Although multiple routes can ultimately reach the same biological outcome, we sought to examine which genes were commonly affected by these methylation marks in both our XEN model and the AURORA US cohort. Notably, similar patterns were observed, with 284 genes exhibiting concordant methylation across both datasets, while a minority of 34 genes displayed discordant patterns and were therefore removed from downstream analyses (Fig. 3e). This shared 284-gene methylation signature represents an epigenetic program that appears to be associated with lung tropism.
Epigenetic mechanisms shaping transcriptomic programs in TNBC lung metastases
To assess whether these epigenetic alterations directly impact gene expression, we analyzed the transcriptomic profiles of the same tumors.
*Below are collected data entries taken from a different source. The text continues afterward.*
text \<open>Starting from \<open>E\<close>, every \<open>k\<close>-subset of \<open>E \<union> F\<close> is reached by single exchanges. The
  invariant also carries, for each \<open>(k-1)\<close>-subset of \<open>U\<close>, its complement in \<open>E \<union> F\<close>: this is
  the edge meeting \<open>U\<close> in one vertex that the next exchange needs.\<close>

lemma k_subsets_mem:
  assumes E: "E \<in> G" and F: "F \<in> G" and x: "E \<inter> F = {x}"
    and "U \<subseteq> E \<union> F" "card U = k"
  shows "U \<in> G \<and> (\<forall>z\<in>U. insert z ((E \<union> F) - U) \<in> G)"
  using assms(4,5)
proof (induction "card (E - U)" arbitrary: U)
  case 0
  have "finite E" "card E = k" "finite U" using uniform E \<open>U \<subseteq> E \<union> F\<close> F by (auto intro: finite_subset)
  then have "E \<subseteq> U" using 0 by auto
  then have "E = U" using card_seteq[OF \<open>finite U\<close>] \<open>card E = k\<close> 0 by simp
  moreover have "(E \<union> F) - E = F - {x}" using x by blast
  ultimately show ?case using exchange[OF E F x] E by simp
next
  case (Suc m)
  have "finite E" "card E = k" "finite U" using uniform E \<open>U \<subseteq> E \<union> F\<close> F by (auto intro: finite_subset)
  obtain z where z: "z \<in> E" "z \<notin> U" using Suc.hyps(2) by (metis Diff_iff card.empty ex_in_conv
        nat.distinct(1))
  have "card (U - E) = card (E - U)"
    using \<open>finite E\<close> \<open>finite U\<close> \<open>card E = k\<close> Suc.prems(2) by (simp add: card_Diff_subset_Int Int_commute)
  then obtain w where w: "w \<in> U" "w \<notin> E"
    using Suc.hyps(2) by (metis Diff_iff card.empty ex_in_conv nat.distinct(1))
  define U0 where "U0 = insert z (U - {w})"
  have "0 < card U" using w(1) \<open>finite U\<close> by (auto simp: card_gt_0_iff)
  then have "U0 \<subseteq> E \<union> F" "card U0 = k"
    using Suc.prems z w \<open>finite U\<close> by (auto simp: U0_def card.insert_remove)
  moreover have "E - U0 = (E - U) - {z}" using w by (auto simp: U0_def)
  then have "m = card (E - U0)" using Suc.hyps(2) z by simp
  ultimately have "U0 \<subseteq> E \<union> F" "U0 \<in> G" "\<forall>z\<in>U0. insert z ((E \<union> F) - U0) \<in> G"
    using Suc.hyps(1) by auto
  moreover have "insert w (U0 - {z}) = U" using w z by (auto simp: U0_def)
  ultimately show ?case
    using exchange_step[of U0 "E \<union> F" z w] w z Suc.prems(1) by (auto simp: U0_def)
qed

theorem ex_kernel:
  assumes "G \<noteq> {}"
  shows "\<exists>X\<subseteq>\<Union>G. card X = 2 * k - 1 \<and> (\<forall>U\<subseteq>X. card U = k \<longrightarrow> U \<in> G)"
proof -
  obtain E F x where EF: "E \<in> G" "F \<in> G" "E \<inter> F = {x}"
    using ex_edges_meeting_in_one_vertex[OF assms] by blast
  have "card (E \<union> F) = 2 * k - 1"
    using card_Un_Int[of E F] uniform EF by simp
  moreover have "E \<union> F \<subseteq> \<Union>G" using EF by blast
  ultimately show ?thesis using k_subsets_mem[OF EF] by blast
qed

lemma ex_kernel_meeting_edges:
  assumes "G \<noteq> {}"
  shows "\<exists>X\<subseteq>\<Union>G. card X = 2 * k - 1 \<and> (\<forall>E\<in>G. k \<le> card (E \<inter> X))"
proof -
  obtain X where X: "X \<subseteq> \<Union>G" "card X = 2 * k - 1"
    and k_subsets: "\<forall>U\<subseteq>X. card U = k \<longrightarrow> U \<in> G"
    using ex_kernel[OF assms] by blast
  have "finite X" using X(1) finite_G uniform by (meson finite_Union finite_subset)
  have "k \<le> card (E \<inter> X)" if "E \<in> G" for E
  proof (rule card_Int_ge_if_meets_k_subsets[OF \<open>finite X\<close> eq_imp_le[OF X(2)[symmetric]]])
    fix U assume "U \<subseteq> X" "card U = k"
    then show "U \<inter> E \<noteq> {}" using k_subsets intersecting_G that unfolding intersecting_def by blast
  qed
  then show ?thesis using X by blast
qed

end

lemma card_edges_containing_le:
  assumes "finite V" "\<forall>E\<in>H. E \<subseteq> V \<and> card E = r" "finite S"
  shows "card {E\<in>H. S \<subseteq> E} \<le> card V choose (r - card S)"
proof -
  let ?A = "{E\<in>H. S \<subseteq> E}"
  have "inj_on (\<lambda>E. E - S) ?A" by (rule inj_onI) blast
  then have "card ?A = card ((\<lambda>E. E - S) ` ?A)" by (rule card_image[symmetric])
  also have "\<dots> \<le> card {D. D \<subseteq> V \<and> card D = r - card S}"
  proof (rule card_mono)
    show "finite {D. D \<subseteq> V \<and> card D = r - card S}" using assms(1) by simp
    show "(\<lambda>E. E - S) ` ?A \<subseteq> {D. D \<subseteq> V \<and> card D = r - card S}"
      using assms finite_subset by (fastforce simp: card_Diff_subset)
  qed
  also have "\<dots> = card V choose (r - card S)" using n_subsets[OF assms(1)] .
  finally show ?thesis .
qed

locale trace_setting =
  fixes r k :: nat and V :: "'a set" and H :: "'a set set" and Z :: "'a set" and B :: nat
  assumes k_pos: "1 \<le> k" and finite_V: "finite V"
    and edges: "\<forall>E\<in>H. E \<subseteq> V \<and> card E = r" and intersecting_H: "intersecting H"
    and codegree: "codegree_at_least r k H"
    and finite_Z: "finite Z" and card_Z: "card Z \<le> B" and transversal: "\<forall>E\<in>H. k \<le> card (E \<inter> Z)"
begin

text \<open>\<open>superset_bound\<close> bounds the number of edges containing a fixed \<open>(k+1)\<close>-set and
  \<open>subsets_bound\<close> the number of possible traces. The thresholds drop by the factor
  \<open>subsets_bound\<close> from one level to the next, which is what the pigeonhole step in
  \<open>ex_heavy_link_class\<close> needs.\<close>

definition trace_class :: "'a set \<Rightarrow> 'a set set" where
  "trace_class W = {E\<in>H. E \<inter> Z = W}"

definition superset_bound :: nat where
  "superset_bound = card V choose (r - k - 1)"

definition subsets_bound :: nat where
  "subsets_bound = 2 ^ B"

definition threshold :: "nat \<Rightarrow> nat" where
  "threshold i = r * superset_bound * subsets_bound ^ (subsets_bound - i)"

definition heavy :: "nat \<Rightarrow> 'a set set" where
  "heavy i = {W. W \<subseteq> Z \<and> card W = k \<and> threshold i < card (trace_class W)}"

lemma finite_H: "finite H"
proof (rule finite_subset)
  show "H \<subseteq> Pow V" using edges by blast
qed (use finite_V in simp)

lemma uniform_H: "\<forall>E\<in>H. finite E \<and> card E = r"
  using edges finite_V finite_subset by blast

lemma finite_trace_class: "finite (trace_class W)"
  unfolding trace_class_def using finite_H by simp

lemma card_Pow_Z_le: "card (Pow Z) \<le> subsets_bound"
  using finite_Z card_Z unfolding subsets_bound_def by (simp add: card_Pow power_increasing)

lemma finite_heavy: "finite (heavy i)"
proof (rule finite_subset)
  show "heavy i \<subseteq> Pow Z" by (auto simp: heavy_def)
qed (use finite_Z in simp)

lemma threshold_antimono: "i \<le> j \<Longrightarrow> threshold j \<le> threshold i"
  unfolding threshold_def by (intro mult_left_mono power_increasing) (auto simp: subsets_bound_def)

lemma heavy_mono: "i \<le> j \<Longrightarrow> heavy i \<subseteq> heavy j"
  unfolding heavy_def using threshold_antimono by (blast intro: le_less_trans)

lemma threshold_ge: "r * superset_bound \<le> threshold i"
  unfolding threshold_def subsets_bound_def by simp

lemma threshold_Suc:
  assumes "i < subsets_bound"
  shows "threshold i = subsets_bound * threshold (Suc i)"
proof -
  have "subsets_bound - i = Suc (subsets_bound - Suc i)" using assms by simp
  then show ?thesis unfolding threshold_def by simp
qed

lemma trace_class_empty_if_card_lt: "card W < k \<Longrightarrow> trace_class W = {}"
  using transversal unfolding trace_class_def by force

lemma card_trace_class_le_if_card_gt:
  assumes "W \<subseteq> Z" "k < card W"
  shows "card (trace_class W) \<le> superset_bound"
proof -
  obtain S where S: "S \<subseteq> W" "card S = Suc k" "finite S"
    using obtain_subset_with_card_n[of "Suc k" W] assms(2) by auto
  have "trace_class W \<subseteq> {E\<in>H. S \<subseteq> E}" unfolding trace_class_def using S by blast
  then have "card (trace_class W) \<le> card {E\<in>H. S \<subseteq> E}" using finite_H by (intro card_mono) auto
  also have "\<dots> \<le> superset_bound"
    using card_edges_containing_le[OF finite_V edges S(3)] S(2) by (simp add: superset_bound_def)
  finally show ?thesis .
qed

lemma ex_trace_class_member_avoiding:
  assumes "U \<subseteq> Z" "card U = k" "r * superset_bound < card (trace_class U)" "finite T" "card T \<le> r"
  shows "\<exists>F\<in>trace_class U. (F - U) \<inter> T = {}"
proof (rule ccontr)
  assume "\<not> ?thesis"
  then have "trace_class U \<subseteq> (\<Union>t\<in>T - Z. {F\<in>H. insert t U \<subseteq> F})"
    unfolding trace_class_def by blast
  then have "card (trace_class U) \<le> card (\<Union>t\<in>T - Z. {F\<in>H. insert t U \<subseteq> F})"
    using assms(4) finite_H by (intro card_mono) auto
  also have "\<dots> \<le> (\<Sum>t\<in>T - Z. card {F\<in>H. insert t U \<subseteq> F})"
    using assms(4) by (intro card_UN_le) simp
  also have "\<dots> \<le> (\<Sum>t\<in>T - Z. superset_bound)"
  proof (rule sum_mono)
    fix t assume "t \<in> T - Z"
    then have "card (insert t U) = Suc k"
      using assms(1,2) finite_Z finite_subset by (metis DiffD2 card_insert_disjoint in_mono)
    then show "card {F\<in>H. insert t U \<subseteq> F} \<le> superset_bound"
      using card_edges_containing_le[OF finite_V edges, of "insert t U"] assms(1) finite_Z
      by (simp add: superset_bound_def finite_subset)
  qed
  also have "\<dots> \<le> card T * superset_bound"
    using assms(4) by (simp add: card_mono mult_right_mono)
  also have "\<dots> \<le> r * superset_bound" using assms(5) by simp
  finally show False using assms(3) by simp
qed

lemma heavy_meets_edge:
  assumes "U \<in> heavy i" "E \<in> H"
  shows "U \<inter> E \<noteq> {}"
proof -
  have "U \<subseteq> Z" "card U = k" "r * superset_bound < card (trace_class U)"
    using assms(1) threshold_ge[of i] by (auto simp: heavy_def)
  then obtain F where F: "F \<in> trace_class U" "(F - U) \<inter> E = {}"
    using ex_trace_class_member_avoiding uniform_H assms(2) by (metis order_refl)
  then have "F \<inter> E \<noteq> {}" using intersecting_H assms(2) unfolding trace_class_def intersecting_def by blast
  then show ?thesis using F(2) by blast
qed

lemma heavy_intersecting: "intersecting (heavy i)"
  unfolding intersecting_def
proof (intro ballI)
  fix W U assume "W \<in> heavy i" "U \<in> heavy i"
  then have "trace_class W \<noteq> {}" "U \<subseteq> Z" by (auto simp: heavy_def)
  then obtain E where "E \<in> H" "E \<inter> Z = W" unfolding trace_class_def by blast
  then show "W \<inter> U \<noteq> {}" using heavy_meets_edge[OF \<open>U \<in> heavy i\<close>] \<open>U \<subseteq> Z\<close> by blast
qed
lemma card_nonzero_vanishing_on_less:
  "card {c :: 'a::{zero,finite} ^ 'k::finite. c \<noteq> 0 \<and> (\<forall>p\<in>P. c $ p = 0)}
     < CARD('a) ^ (CARD('k) - card P)"
proof -
  let ?V = "{c :: 'a ^ 'k. \<forall>p\<in>P. c $ p = 0}"
  have "inj_on (\<lambda>c. restrict (vec_nth c) (- P)) ?V"
  proof (rule inj_onI)
    fix c d assume "c \<in> ?V" "d \<in> ?V" "restrict (vec_nth c) (- P) = restrict (vec_nth d) (- P)"
    then show "c = d" by (simp add: vec_eq_iff) (metis ComplI restrict_apply')
  qed
  then have "card ?V \<le> CARD('a) ^ card (- P)"
    using card_le_power_if_inj_on_restrict[of vec_nth "- P" ?V UNIV] by simp
  moreover have "card (- P) = CARD('k) - card P"
    by (simp add: Compl_eq_Diff_UNIV card_Diff_subset)
  moreover have "card (?V - {0}) < card ?V" by (rule card_Diff1_less) simp_all
  moreover have "{c. c \<noteq> 0 \<and> (\<forall>p\<in>P. c $ p = 0)} = ?V - {0}" by auto
  ultimately show ?thesis by simp
qed

lemma power_exponent_inequality:
  fixes q s K N r :: nat
  assumes q: "2 \<le> q" and s_lower: "real q powr (1 + (1 - 1 / real K) * real N) \<le> real s"
    and s_upper: "s \<le> q ^ N" and r: "1 \<le> r" "r < K"
  shows "q ^ (K - r + N * r) < s ^ (r + 1)"
proof -
  define E where "E = 1 + (1 - 1 / real K) * real N"
  have "real q powr E \<le> real q powr real N"
    using s_lower s_upper q by (simp add: E_def powr_realpow flip: of_nat_power)
  then have "E \<le> real N" using q by simp
  \<comment> \<open>so the density hypothesis forces \<open>K \<le> N\<close>\<close>
  then have "1 \<le> real N / real K" using r by (simp add: E_def field_simps)
  then have "real K - real r - 1 \<le> (real N / real K) * (real K - real r - 1)"
    using r mult_right_mono[of 1 "real N / real K" "real K - real r - 1"] by simp
  moreover have "real (r + 1) * E - real (K - r + N * r)
      = 2 * real r + 1 - real K + (real N / real K) * (real K - real r - 1)"
    using r by (simp add: E_def of_nat_diff field_simps)
  ultimately have "real (K - r + N * r) < real (r + 1) * E" using r by linarith
  have q_pos: "0 < real q" using q by simp
  have "real (q ^ (K - r + N * r)) = real q powr real (K - r + N * r)"
    by (simp only: of_nat_power powr_realpow[OF q_pos])
  also have "\<dots> < real q powr (real (r + 1) * E)"
    using q \<open>real (K - r + N * r) < real (r + 1) * E\<close> by simp
  also have "\<dots> = (real q powr E) ^ (r + 1)"
    using q by (simp only: powr_power[of "real q"] of_nat_eq_0_iff)
  also have "\<dots> \<le> real s ^ (r + 1)"
    using s_lower q by (intro power_mono) (simp_all add: E_def)
  finally show ?thesis by (simp only: of_nat_power[symmetric] of_nat_less_iff)
qed

text \<open>The union bound of the main argument: \<open>v\<close> counts the coefficient vectors \<open>c\<close>, each of
  which is satisfied by at most \<open>s\<^sup>K\<^sup>-\<^sup>r\<^sup>-\<^sup>1\<close> tuples of a fiber of size \<open>f\<close>.\<close>
lemma exceptions_less_fiber:
  fixes q s K N r v f :: nat
  assumes q: "2 \<le> q" and s_lower: "real q powr (1 + (1 - 1 / real K) * real N) \<le> real s"
    and s_upper: "s \<le> q ^ N" and r: "1 \<le> r" "r \<le> K"
    and v: "v < q ^ (K - r)" and fiber: "s ^ K \<le> q ^ (N * r) * f"
  shows "v * s ^ (K - r - 1) < f"
proof -
  have "0 < real q powr (1 + (1 - 1 / real K) * real N)" using q by simp
  with s_lower have "0 < s" by linarith
  show ?thesis
  proof (cases "r = K")
    case True
    have "f \<noteq> 0" using fiber \<open>0 < s\<close> by (cases "f = 0") simp_all
    with True v show ?thesis by simp
  next
    case False
    then have "r < K" using r by simp
    have "v * s ^ (K - r - 1) * q ^ (N * r) \<le> q ^ (K - r) * s ^ (K - r - 1) * q ^ (N * r)"
      using v by (intro mult_right_mono) simp_all
    also have "\<dots> = q ^ (K - r + N * r) * s ^ (K - r - 1)"
      by (simp only: power_add mult_ac)
    also have "\<dots> < s ^ (r + 1) * s ^ (K - r - 1)"
      using power_exponent_inequality[OF q s_lower s_upper r(1) \<open>r < K\<close>] \<open>0 < s\<close>
      by (intro mult_strict_right_mono) simp_all
    also have "\<dots> = s ^ K" using \<open>r < K\<close> by (simp only: power_add[symmetric]) simp
    also have "\<dots> \<le> f * q ^ (N * r)" using fiber by (simp only: mult.commute)
    finally show ?thesis by simp
  qed
qed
This analysis revealed 1,146 downregulated and 1,220 upregulated genes in lung metastases relative to primary tumors, revealing a core set of transcriptional changes associated with lung metastatic onset and progression (Supplementary Fig. 3c). Notably, 22 genes appeared to be epigenetically regulated, displaying DNAm changes in our XEN model alongside consistent alterations in both DNAm and gene expression in the AURORA US dataset (Fig. 4a). For instance, CD5, HOXA5, and SLC2A5 exemplified distinct patterns of promoter methylation; while CD5 exhibited extensive promoter hypermethylation associated with reduced gene expression, HOXA5 and SLC2A5 showed hypomethylation, widespread in HOXA5 and focal in SLC2A5, both associated with increased transcript levels (Fig. 4b).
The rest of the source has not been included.